(Items listed in a dataset)
(* Let $G$ be a full Frobenius group of finite Morley rank with proper full Frobenius complement $B$. Then: (a) if $H$ is a connected definable subgroup of $G$ which is not contained in any conjugate of $B$, then for every conjugate $B'$ of $B$ with $B'\cap H\neq\{1\}$, the subgroup $B'\cap H$ is a proper full Frobenius complement of $H$; in particular $H$ is a full Frobenius group; (b) if $H$ is a connected definable subgroup of $G$ containing some conjugate of $B$, then $H$ is a full Frobenius complement of $G$; (c) if $G$ is connected and $B'$ is a full Frobenius complement of $G$ with $B\cap B'\neq\{1\}$, then $B\cap B'$ is again a full Frobenius complement of $G$. In particular, the full Frobenius complements of $G$ that are minimal under inclusion all are conjugate in $G$ (there is a unique minimal full Frobenius complement up to conjugacy).
   Context: A subgroup $B$ of a group $G$ is malnormal if $B\cap B^g=\{1\}$ for all $g\in G\setminus B$. A full Frobenius complement of a group $G$ of finite Morley rank is a definable malnormal subgroup of $G$ whose conjugates $B^g$ ($g\in G$) cover $G$. A group $G$ of finite Morley rank is a full Frobenius group if it has a proper full Frobenius complement $B$; the conjugates of $B$ are then called the Borel subgroups of $G$. *)

theory Defs
  imports "HOL-Algebra.Coset"
begin

text \<open>Groups of finite Morley rank are rendered, following Borovik--Nesin
(Groups of finite Morley rank, Ch. 4) and Poizat, as ranked groups: a group
together with a family of definable sets D n (subsets of M^n, encoded as lists
of length n) and a rank function rk satisfying the Borovik--Poizat axioms.\<close>

definition Mn :: "'a set \<Rightarrow> nat \<Rightarrow> 'a list set" where
  "Mn M n = {xs. length xs = n \<and> set xs \<subseteq> M}"

definition def_fun ::
  "(nat \<Rightarrow> 'a list set set) \<Rightarrow> nat \<Rightarrow> nat \<Rightarrow> 'a list set \<Rightarrow> 'a list set
     \<Rightarrow> ('a list \<Rightarrow> 'a list) \<Rightarrow> bool" where
  "def_fun D n m A B f \<longleftrightarrow> A \<in> D n \<and> B \<in> D m \<and> f ` A \<subseteq> B \<and>
     {xs @ f xs | xs. xs \<in> A} \<in> D (n + m)"

definition fib :: "'a list set \<Rightarrow> ('a list \<Rightarrow> 'a list) \<Rightarrow> 'a list \<Rightarrow> 'a list set" where
  "fib A f b = {x \<in> A. f x = b}"

definition ranked_universe ::
  "'a set \<Rightarrow> (nat \<Rightarrow> 'a list set set) \<Rightarrow> ('a list set \<Rightarrow> nat) \<Rightarrow> bool" where
  "ranked_universe M D rk \<longleftrightarrow>
    M \<noteq> {} \<and>
    \<comment> \<open>definable sets: boolean algebra containing diagonals, closed under
        products, coordinate permutations, projections and fibres (parameters)\<close>
    (\<forall>n. D n \<subseteq> Pow (Mn M n)) \<and>
    (\<forall>n. Mn M n \<in> D n) \<and>
    (\<forall>n X. X \<in> D n \<longrightarrow> Mn M n - X \<in> D n) \<and>
    (\<forall>n X Y. X \<in> D n \<longrightarrow> Y \<in> D n \<longrightarrow> X \<inter> Y \<in> D n) \<and>
    (\<forall>n i j. i < n \<longrightarrow> j < n \<longrightarrow> {xs \<in> Mn M n. xs ! i = xs ! j} \<in> D n) \<and>
    (\<forall>n m X Y. X \<in> D n \<longrightarrow> Y \<in> D m \<longrightarrow> {xs @ ys | xs ys. xs \<in> X \<and> ys \<in> Y} \<in> D (n + m)) \<and>
    (\<forall>n X p. X \<in> D n \<longrightarrow> bij_betw p {..<n} {..<n} \<longrightarrow>
        (\<lambda>xs. map (\<lambda>i. xs ! p i) [0..<n]) ` X \<in> D n) \<and>
    (\<forall>n m X. X \<in> D (n + m) \<longrightarrow> take n ` X \<in> D n) \<and>
    (\<forall>n m X a. X \<in> D (n + m) \<longrightarrow> a \<in> Mn M n \<longrightarrow> {ys. a @ ys \<in> X} \<in> D m) \<and>
    \<comment> \<open>monotonicity of rank\<close>
    (\<forall>n A k. A \<in> D n \<longrightarrow> A \<noteq> {} \<longrightarrow>
       (Suc k \<le> rk A \<longleftrightarrow>
         (\<exists>S :: nat \<Rightarrow> 'a list set. (\<forall>i. S i \<in> D n \<and> S i \<subseteq> A \<and> S i \<noteq> {} \<and> k \<le> rk (S i)) \<and>
              (\<forall>i j. i \<noteq> j \<longrightarrow> S i \<inter> S j = {})))) \<and>
    \<comment> \<open>definability of rank\<close>
    (\<forall>n m A B f k. def_fun D n m A B f \<longrightarrow>
       {b \<in> B. fib A f b \<noteq> {} \<and> rk (fib A f b) = k} \<in> D m) \<and>
    \<comment> \<open>additivity of rank\<close>
    (\<forall>n m A B f k. def_fun D n m A B f \<longrightarrow> f ` A = B \<longrightarrow> A \<noteq> {} \<longrightarrow>
       (\<forall>b\<in>B. rk (fib A f b) = k) \<longrightarrow> rk A = rk B + k) \<and>
    \<comment> \<open>elimination of infinite quantifiers\<close>
    (\<forall>n m A B f. def_fun D n m A B f \<longrightarrow>
       (\<exists>N. \<forall>b\<in>B. finite (fib A f b) \<longrightarrow> card (fib A f b) \<le> N))"
(* Let $G$ act on a countable set $X$, $R\subseteq G$ a subgroup, and $(b,c)$ a connected graph over $X$ such that $H=H_{b,c}$ is $R$-invariant. Then for all $x,y\in X$ there exists $C_{x,y}>0$ such that $T_gf(x)\ge C_{x,y}\,T_gf(y)$ for every $f\in\mathcal{S}^+$ and every $g\in R$.
   Context: A graph over $X$ is $(b,c)$ with $b:X\times X\to[0,\infty)$, $c:X\to\mathbb{R}$, $\sum_yb(x,y)<\infty$ ($b$ need not be symmetric); connected: any $x,z$ are joined by a finite sequence $y_1,\dots,y_n$ with $b(y_i,y_{i+1})>0$. $H_{b,c}f(x)=\sum_yb(x,y)(f(x)-f(y))+c(x)f(x)$ on $\mathrm{Dom}(H)=\{f:\sum_yb(x,y)|f(y)|<\infty\ \forall x\}$. $\mathcal{S}^+$ is the set of nonnegative, not identically zero $f\in\mathrm{Dom}(H)$ with $Hf\ge0$. $T_gf(x)=f(g^{-1}x)$; $H$ is $R$-invariant if $T_g$ preserves $\mathrm{Dom}(H)$ and $HT_g=T_gH$ for $g\in R$. *)

theory Defs
  imports "HOL-Analysis.Analysis" "HOL-Algebra.Group_Action"
begin

text \<open>A graph (b,c) over the vertex type 'x (the whole type plays the role of X).\<close>
definition is_graph :: "('x \<Rightarrow> 'x \<Rightarrow> real) \<Rightarrow> ('x \<Rightarrow> real) \<Rightarrow> bool" where
  "is_graph b c \<longleftrightarrow> (\<forall>x y. b x y \<ge> 0) \<and> (\<forall>x. (\<lambda>y. b x y) summable_on UNIV)"

definition graph_connected :: "('x \<Rightarrow> 'x \<Rightarrow> real) \<Rightarrow> bool" where
  "graph_connected b \<longleftrightarrow> (\<forall>x z. (\<lambda>u v. b u v > 0)\<^sup>*\<^sup>* x z)"

definition dom_H :: "('x \<Rightarrow> 'x \<Rightarrow> real) \<Rightarrow> ('x \<Rightarrow> real) set" where
  "dom_H b = {f. \<forall>x. (\<lambda>y. b x y * \<bar>f y\<bar>) summable_on UNIV}"

definition H_op :: "('x \<Rightarrow> 'x \<Rightarrow> real) \<Rightarrow> ('x \<Rightarrow> real) \<Rightarrow> ('x \<Rightarrow> real) \<Rightarrow> 'x \<Rightarrow> real" where
  "H_op b c f x = (\<Sum>\<^sub>\<infinity>y. b x y * (f x - f y)) + c x * f x"

definition S_plus :: "('x \<Rightarrow> 'x \<Rightarrow> real) \<Rightarrow> ('x \<Rightarrow> real) \<Rightarrow> ('x \<Rightarrow> real) set" where
  "S_plus b c = {f. f \<in> dom_H b \<and> (\<forall>x. f x \<ge> 0) \<and> (\<exists>x. f x \<noteq> 0) \<and> (\<forall>x. H_op b c f x \<ge> 0)}"

definition T_act :: "('g, 'm) monoid_scheme \<Rightarrow> ('g \<Rightarrow> 'x \<Rightarrow> 'x) \<Rightarrow> 'g \<Rightarrow> ('x \<Rightarrow> real) \<Rightarrow> 'x \<Rightarrow> real" where
  "T_act G \<phi> g f x = f (\<phi> (inv\<^bsub>G\<^esub> g) x)"

definition R_invariant :: "('g, 'm) monoid_scheme \<Rightarrow> ('g \<Rightarrow> 'x \<Rightarrow> 'x) \<Rightarrow> 'g set
    \<Rightarrow> ('x \<Rightarrow> 'x \<Rightarrow> real) \<Rightarrow> ('x \<Rightarrow> real) \<Rightarrow> bool" where
  "R_invariant G \<phi> R b c \<longleftrightarrow> (\<forall>g\<in>R. \<forall>f\<in>dom_H b.
      T_act G \<phi> g f \<in> dom_H b \<and> H_op b c (T_act G \<phi> g f) = T_act G \<phi> g (H_op b c f))"

end

theory Submission
  imports Defs
begin

text \<open>Evaluating \<open>H f \<ge> 0\<close> at \<open>x\<close> gives \<open>(deg x + c x) f x \<ge> \<Sum>\<^sub>z b x z f z \<ge> b x y f y\<close>,
  a one-step Harnack inequality along every edge \<open>b x y > 0\<close>. Chaining it along a path from
  \<open>x\<close> to \<open>y\<close> yields a constant that depends only on \<open>(b, c)\<close> and the path. Since \<open>H\<close> commutes
  with \<open>T\<^sub>g\<close> for \<open>g \<in> R\<close>, every \<open>T\<^sub>g f\<close> is again a nonnegative supersolution, so the same
  constant works uniformly in \<open>g\<close>.\<close>

definition nonneg_supersolution :: "('x \<Rightarrow> 'x \<Rightarrow> real) \<Rightarrow> ('x \<Rightarrow> real) \<Rightarrow> ('x \<Rightarrow> real) \<Rightarrow> bool" where
  "nonneg_supersolution b c f \<longleftrightarrow> f \<in> dom_H b \<and> (\<forall>z. 0 \<le> f z) \<and> (\<forall>z. 0 \<le> H_op b c f z)"

lemma S_plus_nonneg_supersolution: "f \<in> S_plus b c \<Longrightarrow> nonneg_supersolution b c f"
  unfolding S_plus_def nonneg_supersolution_def by blast

lemma dom_H_summable:
  assumes "is_graph b c" and "f \<in> dom_H b"
  shows "(\<lambda>z. b x z * f z) summable_on UNIV"
proof (rule abs_summable_summable)
  show "(\<lambda>z. norm (b x z * f z)) summable_on UNIV"
    using assms unfolding is_graph_def dom_H_def by (simp add: abs_mult)
qed

lemma H_op_expand:
  assumes "is_graph b c" and "f \<in> dom_H b"
  shows "H_op b c f x = (infsum (b x) UNIV + c x) * f x - (\<Sum>\<^sub>\<infinity>z. b x z * f z)"
proof -
  have deg: "b x summable_on UNIV"
    using assms(1) unfolding is_graph_def by blast
  have bf: "(\<lambda>z. b x z * f z) summable_on UNIV"
    using assms by (rule dom_H_summable)
  have "(\<Sum>\<^sub>\<infinity>z. b x z * (f x - f z)) = (\<Sum>\<^sub>\<infinity>z. b x z * f x + - (b x z * f z))"
    by (simp add: algebra_simps)
  also have "\<dots> = (\<Sum>\<^sub>\<infinity>z. b x z * f x) + (\<Sum>\<^sub>\<infinity>z. - (b x z * f z))"
    using deg bf summable_on_uminus[of "\<lambda>z. b x z * f z"]
    by (intro infsum_add summable_on_cmult_left) auto
  also have "\<dots> = infsum (b x) UNIV * f x - (\<Sum>\<^sub>\<infinity>z. b x z * f z)"
    by (simp add: infsum_cmult_left[OF deg] infsum_uminus)
  finally show ?thesis
    unfolding H_op_def by (simp add: algebra_simps)
qed

lemma nonneg_supersolution_edge_harnack:
  assumes "is_graph b c" and f: "nonneg_supersolution b c f" and edge: "b x y > 0"
  shows "b x y / (\<bar>infsum (b x) UNIV + c x\<bar> + 1) * f y \<le> f x"
proof -
  define a where "a = infsum (b x) UNIV + c x"
  have fnn: "\<And>z. 0 \<le> f z"
    using f unfolding nonneg_supersolution_def by blast
  have "b x y * f y = (\<Sum>\<^sub>\<infinity>z\<in>{y}. b x z * f z)"
    by simp
  also have "\<dots> \<le> (\<Sum>\<^sub>\<infinity>z. b x z * f z)"
  proof (rule infsum_mono2)
    show "(\<lambda>z. b x z * f z) summable_on UNIV"
      using assms(1) f unfolding nonneg_supersolution_def by (blast intro: dom_H_summable)
  qed (use assms(1) fnn in \<open>auto simp: is_graph_def\<close>)
  also have "\<dots> \<le> a * f x"
    using f H_op_expand[OF assms(1), of f x]
    unfolding nonneg_supersolution_def a_def by (smt (verit))
  finally have key: "b x y * f y \<le> a * f x" .
  show ?thesis
  proof (cases "a > 0")
    case True
    have "b x y / (\<bar>a\<bar> + 1) * f y \<le> b x y / a * f y"
      using True edge fnn by (intro mult_right_mono divide_left_mono) auto
    also have "\<dots> \<le> f x"
      using key True by (simp add: field_simps)
    finally show ?thesis
      by (simp add: a_def)
  next
    case False
    then have "b x y * f y \<le> 0"
      using key fnn[of x] by (smt (verit) mult_nonpos_nonneg)
    then have "f y = 0"
      using edge fnn[of y] by (smt (verit) mult_pos_pos)
    then show ?thesis
      using fnn by simp
  qed
qed

lemma nonneg_supersolution_path_harnack:
  assumes "is_graph b c" and "(\<lambda>u v. b u v > 0)\<^sup>*\<^sup>* x y"
  shows "\<exists>C>0. \<forall>f. nonneg_supersolution b c f \<longrightarrow> C * f y \<le> f x"
  using assms(2)
proof (induction rule: converse_rtranclp_induct)
  case base
  show ?case
    by (intro exI[of _ 1]) auto
next
  case (step x z)
  then obtain C where C: "C > 0" "\<And>f. nonneg_supersolution b c f \<Longrightarrow> C * f y \<le> f z"
    by blast
  define D where "D = b x z / (\<bar>infsum (b x) UNIV + c x\<bar> + 1)"
  have D: "D > 0"
    using step(1) unfolding D_def by (simp add: add_pos_nonneg)
  have "D * C * f y \<le> f x" if f: "nonneg_supersolution b c f" for f
  proof -
    have "D * C * f y \<le> D * f z"
      using C(2)[OF f] D by (simp add: mult.assoc)
    also have "\<dots> \<le> f x"
      unfolding D_def by (rule nonneg_supersolution_edge_harnack[OF assms(1) f step(1)])
    finally show ?thesis .
  qed
  then show ?case
    using C(1) D by (intro exI[of _ "D * C"]) auto
qed

lemma R_invariant_nonneg_supersolution:
  assumes "R_invariant G \<phi> R b c" and "g \<in> R" and f: "nonneg_supersolution b c f"
  shows "nonneg_supersolution b c (T_act G \<phi> g f)"
proof -
  have "T_act G \<phi> g f \<in> dom_H b" and "H_op b c (T_act G \<phi> g f) = T_act G \<phi> g (H_op b c f)"
    using assms f unfolding R_invariant_def nonneg_supersolution_def by blast+
  then show ?thesis
    using f unfolding nonneg_supersolution_def T_act_def by auto
qed

theorem lemma2:
  fixes G :: "('g, 'm) monoid_scheme" and \<phi> :: "'g \<Rightarrow> 'x \<Rightarrow> 'x"
    and R :: "'g set" and b :: "'x \<Rightarrow> 'x \<Rightarrow> real" and c :: "'x \<Rightarrow> real"
  assumes "group_action G (UNIV :: 'x set) \<phi>"
    and "countable (UNIV :: 'x set)"
    and "subgroup R G"
    and "is_graph b c"
    and "graph_connected b"
    and "R_invariant G \<phi> R b c"
  shows "\<forall>x y. \<exists>C>0. \<forall>f\<in>S_plus b c. \<forall>g\<in>R.
           T_act G \<phi> g f x \<ge> C * T_act G \<phi> g f y"
proof (intro allI)
  fix x y
  obtain C where "C > 0" and harnack: "\<And>f. nonneg_supersolution b c f \<Longrightarrow> C * f y \<le> f x"
    using nonneg_supersolution_path_harnack[OF assms(4)] assms(5)
    unfolding graph_connected_def by blast
  have "C * T_act G \<phi> g f y \<le> T_act G \<phi> g f x" if "f \<in> S_plus b c" and "g \<in> R" for f g
    using harnack R_invariant_nonneg_supersolution[OF assms(6)] S_plus_nonneg_supersolution that
    by blast
  with \<open>C > 0\<close> show "\<exists>C>0. \<forall>f\<in>S_plus b c. \<forall>g\<in>R. T_act G \<phi> g f x \<ge> C * T_act G \<phi> g f y"
    by blast
qed

end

WHAT IS NEEDED
Your reply should hold every line from the data that contains "finally", copied in full.

RESULT FOR THIS EXERCISE
  finally show ?thesis
  finally have key: "b x y * f y \<le> a * f x" .
    finally show ?thesis
    finally show ?thesis .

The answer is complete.